Live and real-time transcription

Daisy shows the transcript while you record. The finished transcript is always produced on your machine, and speaker labels are always on-device and free. The one part that depends on your hardware is the live caption — the words appearing as people talk — because it has to keep up in real time.

What you see while recording

The live transcript labels speech by source: your microphone is Me and your system audio is Them. Words appear as they're spoken and settle into clean text a few seconds later — with punctuation, capitalization, and fewer mishears. Interim words look slightly faded until they settle.

Captions appear in the recording view and in the floating mini-window if you're using it.

Where live captions run

Live captions are private by default and on-device wherever the machine can keep up:

  • Desktops and Apple Silicon Macs — live captions run on-device. Your audio stays on your machine, with no account needed.
  • Lighter laptops — you choose:
    • On-device — same private path, but it works your CPU harder (more fan and battery).
    • Bring-your-own Deepgram key — stream live captions through your own Deepgram realtime key for a lighter footprint on the machine. This is the only place the cloud can touch transcription, and only for the live overlay.
    • Skip live captions — turn the live transcript off and take the full transcript when the call ends. Same finished result.

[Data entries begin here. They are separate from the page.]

(* Let $V$ be a finite vocabulary. Each word $x\in V$ has a synonym set $S_x\subseteq V$ with $x\in S_x$, the synonym relation being symmetric, and a nonempty perturbation set $P_x\subseteq V$; assume $|P_x|=|P_{x'}|$ for every word $x$ and every $x'\in S_x$. Write $n_x=|P_x|$ and $n_{x,x'}=|P_x\cap P_{x'}|$. Fix $L\ge1$ and $0\le R\le L$. For $X=x_1,\ldots,x_L\in V^L$ let $S_X=\{X'\in V^L: \sum_i\mathbb{I}\{x'_i\ne x_i\}\le R,\ x'_i\in S_{x_i}\ \forall i\}$ and $\Pi_X(Z)=\prod_{i=1}^L\mathbb{I}\{z_i\in P_{x_i}\}/|P_{x_i}|$. For each word $x$ let $\tilde x^*\in\arg\min_{x'\in S_x}n_{x,x'}/n_x$. Given $X=x_1,\ldots,x_L$, order its positions as $\ell_1,\ldots,\ell_L$ so that $n_{x_{\ell_i},\tilde x^*_{\ell_i}}/n_{x_{\ell_i}}\le n_{x_{\ell_j},\tilde x^*_{\ell_j}}/n_{x_{\ell_j}}$ whenever $i\le j$ (here $\tilde x^*_k$ denotes $\widetilde{(x_k)}^*$), and define $X^*=x^*_1,\ldots,x^*_L$ by $x^*_i=\tilde x^*_i$ if $i\in\{\ell_1,\ldots,\ell_R\}$ and $x^*_i=x_i$ otherwise. Then for every $\lambda\ge0$, $$\max_{X'\in S_X}\sum_{Z\in V^L}\big(\lambda\Pi_X(Z)-\Pi_{X'}(Z)\big)_+=\sum_{Z\in V^L}\big(\lambda\Pi_X(Z)-\Pi_{X^*}(Z)\big)_+,$$ where $(s)_+=\max(s,0)$.
   Context: $X^*\in S_X$ since it differs from $X$ in at most $R$ positions, each by a synonym. *)

theory Defs
  imports Complex_Main
begin

text \<open>Sentences of length L over the vocabulary (the finite type 'v) are lists of length L;
positions are 0-based indices i < L.\<close>

definition synonym_set :: "('v \<Rightarrow> 'v set) \<Rightarrow> nat \<Rightarrow> nat \<Rightarrow> 'v list \<Rightarrow> 'v list set" where
  "synonym_set S L R X =
     {X'. length X' = L \<and> card {i. i < L \<and> X' ! i \<noteq> X ! i} \<le> R
          \<and> (\<forall>i<L. X' ! i \<in> S (X ! i))}"

definition Pi_dist :: "('v \<Rightarrow> 'v set) \<Rightarrow> nat \<Rightarrow> 'v list \<Rightarrow> 'v list \<Rightarrow> real" where
  "Pi_dist P L X Z =
     (\<Prod>i<L. (if Z ! i \<in> P (X ! i) then 1 else 0) / real (card (P (X ! i))))"

definition overlap_ratio :: "('v \<Rightarrow> 'v set) \<Rightarrow> 'v \<Rightarrow> 'v \<Rightarrow> real" where
  "overlap_ratio P x x' = real (card (P x \<inter> P x')) / real (card (P x))"

definition pos_part :: "real \<Rightarrow> real" where
  "pos_part s = max s 0"

end

theory Submission
  imports Defs
begin

text \<open>Synonyms have perturbation sets of equal size, so \<open>\<Pi>\<^sub>X\<^sub>'\<close> coincides with \<open>\<Pi>\<^sub>X\<close>
on their common support and vanishes elsewhere. Summing the positive parts therefore gives
\<open>\<lambda> - min \<lambda> 1 * (\<Prod>i. n(x\<^sub>i, x'\<^sub>i) / n(x\<^sub>i))\<close>, and maximising over \<open>S\<^sub>X\<close> means
minimising a product of factors in \<open>[0, 1]\<close>. Every changed position contributes at least the
minimal ratio of its word and unchanged positions contribute 1; an exchange argument shows that
among products of at most \<open>R\<close> of the minimal ratios the one over the \<open>R\<close> smallest is least,
and \<open>X\<^sup>*\<close> realises exactly this product.\<close>

lemma sum_lists_length_prod:
  fixes f :: "nat \<Rightarrow> 'v::finite \<Rightarrow> 'a::comm_semiring_1"
  shows "(\<Sum>Z\<in>{Z::'v list. length Z = L}. \<Prod>i<L. f i (Z!i)) = (\<Prod>i<L. \<Sum>v\<in>UNIV. f i v)"
proof (induction L arbitrary: f)
  case 0
  have "{Z::'v list. length Z = 0} = {[]}" by auto
  then show ?case by simp
next
  case (Suc L)
  have cons_image: "{Z::'v list. length Z = Suc L} = (\<lambda>(a,Z). a#Z) ` (UNIV \<times> {Z. length Z = L})"
    by (auto simp: length_Suc_conv)
  have cons_inj: "inj_on (\<lambda>(a,Z). a#Z) (UNIV \<times> {Z::'v list. length Z = L})"
    by (auto simp: inj_on_def)
  have "(\<Sum>Z\<in>{Z::'v list. length Z = Suc L}. \<Prod>i<Suc L. f i (Z!i))
      = (\<Sum>(a,Z)\<in>UNIV \<times> {Z::'v list. length Z = L}. \<Prod>i<Suc L. f i ((a#Z)!i))"
    unfolding cons_image by (subst sum.reindex[OF cons_inj]) (simp add: case_prod_unfold)
  also have "\<dots> = (\<Sum>a\<in>UNIV. \<Sum>Z\<in>{Z::'v list. length Z = L}. f 0 a * (\<Prod>i<L. f (Suc i) (Z!i)))"
    by (simp only: sum.cartesian_product prod.lessThan_Suc_shift nth_Cons_0 nth_Cons_Suc)
  also have "\<dots> = (\<Sum>a\<in>UNIV. f 0 a * (\<Prod>i<L. \<Sum>v\<in>UNIV. f (Suc i) v))"
    by (simp add: sum_distrib_left[symmetric] Suc.IH[of "\<lambda>i. f (Suc i)"])
  also have "\<dots> = (\<Prod>i<Suc L. \<Sum>v\<in>UNIV. f i v)"
    by (simp only: prod.lessThan_Suc_shift sum_distrib_right)
  finally show ?case .
qed

lemma prod_indicator_divide:
  "(\<Prod>i<L. (if Z!i \<in> A i then 1 else 0) / (c i :: 'a::field))
     = (if \<forall>i<L. Z!i \<in> A i then \<Prod>i<L. 1 / c i else 0)"
  by (auto intro: prod.cong)

lemma sum_lists_prod_indicator_divide:
  "(\<Sum>Z\<in>{Z::'v::finite list. length Z = L}. \<Prod>i<L. (if Z!i \<in> A i then 1 else 0) / (c i :: 'a::field))
     = (\<Prod>i<L. of_nat (card (A i)) / c i)"
proof -
  have "(\<Sum>v\<in>UNIV. (if v \<in> A i then 1 else 0) / c i) = of_nat (card (A i)) / c i" for i
    by (simp add: sum_divide_distrib[symmetric] sum.If_cases)
  then show ?thesis
    by (simp add: sum_lists_length_prod[of "\<lambda>i v. (if v \<in> A i then 1 else 0) / c i"])
qed

lemma Pi_dist_eq_if:
  "Pi_dist P L X Z = (if \<forall>i<L. Z!i \<in> P (X!i) then \<Prod>i<L. 1 / real (card (P (X!i))) else 0)"
  unfolding Pi_dist_def by (rule prod_indicator_divide)

lemma sum_Pi_dist:
  fixes P :: "'v::finite \<Rightarrow> 'v set"
  assumes "\<And>x. P x \<noteq> {}"
  shows "(\<Sum>Z\<in>{Z. length Z = L}. Pi_dist P L X Z) = 1"
  unfolding Pi_dist_def sum_lists_prod_indicator_divide using assms by simp

lemma pos_part_Pi_dist_diff:
  fixes P :: "'v::finite \<Rightarrow> 'v set"
  assumes P_ne: "\<And>x. P x \<noteq> {}"
    and card_eq: "\<And>i. i < L \<Longrightarrow> card (P (Y!i)) = card (P (X!i))"
    and "lam \<ge> 0"
  shows "pos_part (lam * Pi_dist P L X Z - Pi_dist P L Y Z)
    = lam * Pi_dist P L X Z
      - min lam 1 * (\<Prod>i<L. (if Z!i \<in> P (X!i) \<inter> P (Y!i) then 1 else 0) / real (card (P (X!i))))"
proof -
  define c where "c = (\<Prod>i<L. 1 / real (card (P (X!i))))"
  have "c > 0" unfolding c_def using P_ne by (intro prod_pos) (simp add: card_gt_0_iff)
  have PX: "Pi_dist P L X Z = (if \<forall>i<L. Z!i \<in> P (X!i) then c else 0)"
    unfolding Pi_dist_eq_if c_def ..
  have PY: "Pi_dist P L Y Z = (if \<forall>i<L. Z!i \<in> P (Y!i) then c else 0)"
    unfolding Pi_dist_eq_if c_def using card_eq by (auto intro: prod.cong)
  have overlap: "(\<Prod>i<L. (if Z!i \<in> P (X!i) \<inter> P (Y!i) then 1 else 0) / real (card (P (X!i))))
      = (if (\<forall>i<L. Z!i \<in> P (X!i)) \<and> (\<forall>i<L. Z!i \<in> P (Y!i)) then c else 0)"
    unfolding prod_indicator_divide c_def by auto
  show ?thesis
    unfolding PX PY overlap pos_part_def using \<open>c > 0\<close> \<open>lam \<ge> 0\<close>
    by (cases "lam \<le> 1") (auto simp: min_def max_def mult_le_cancel_right1 mult_le_0_iff)
qed

lemma sum_pos_part_Pi_dist_diff:
  fixes P :: "'v::finite \<Rightarrow> 'v set"
  assumes P_ne: "\<And>x. P x \<noteq> {}"
    and card_eq: "\<And>i. i < L \<Longrightarrow> card (P (Y!i)) = card (P (X!i))"
    and "lam \<ge> 0"
  shows "(\<Sum>Z\<in>{Z. length Z = L}. pos_part (lam * Pi_dist P L X Z - Pi_dist P L Y Z))
     = lam - min lam 1 * (\<Prod>i<L. overlap_ratio P (X!i) (Y!i))"
proof -
  have "(\<Sum>Z\<in>{Z. length Z = L}. pos_part (lam * Pi_dist P L X Z - Pi_dist P L Y Z))
      = lam * (\<Sum>Z\<in>{Z. length Z = L}. Pi_dist P L X Z) - min lam 1 *
          (\<Sum>Z\<in>{Z. length Z = L}. \<Prod>i<L. (if Z!i \<in> P (X!i) \<inter> P (Y!i) then 1 else 0) / real (card (P (X!i))))"
    by (simp add: pos_part_Pi_dist_diff[OF assms] sum_subtractf sum_distrib_left)
  then show ?thesis
    unfolding sum_Pi_dist[OF P_ne] sum_lists_prod_indicator_divide overlap_ratio_def by simp
qed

Whichever you pick, the saved transcript is finalized locally and diarization stays on-device — choosing the Deepgram live path does not send your finished transcript or your speaker labels to the cloud.

Behavior settings

Open Settings → Behavior to change how the live transcript behaves:

  • Show transcript live in the recording window — turns the live transcript on or off entirely during a recording. Recording itself is unaffected.
  • Live captions source — on a laptop, choose on-device or your Deepgram realtime key. Add the key under Settings → Providers (see Configuring AI providers).

You may see the same line twice — that's normal

During a call you might notice the same sentence appear under both Me and Them. This is expected and not a bug.

Daisy captures two independent audio streams while you record:

  • Me — your microphone.
  • Them — the system audio coming out of your speakers (the other side of the call).

Your microphone can pick up the other person's voice through your speakers, and the system stream carries it too — so the line gets transcribed twice, once on each side. This is a side effect of recording locally without joining the call as a bot.

You don't need to do anything about it. When the meeting ends, Daisy reprocesses the recording end-to-end:

  • The two streams are matched against your voiceprints to label each speaker.
  • Duplicates across Me and Them are merged into a single attributed turn.
  • The final transcript, summary, and search index all use that cleaned-up version.

The live transcript is a preview — the saved transcript is the source of truth.

Using headphones eliminates almost all of this at the source: the other side's audio never leaks back into your mic.

What changes when you stop

When you press Finish & summarize, Daisy doesn't start over. It keeps the text it already has, then sorts out who said what, removes the duplicates between Me and Them, and writes the summary. A 12-minute meeting is usually ready in about four minutes. See Transcription speed and cost for the numbers.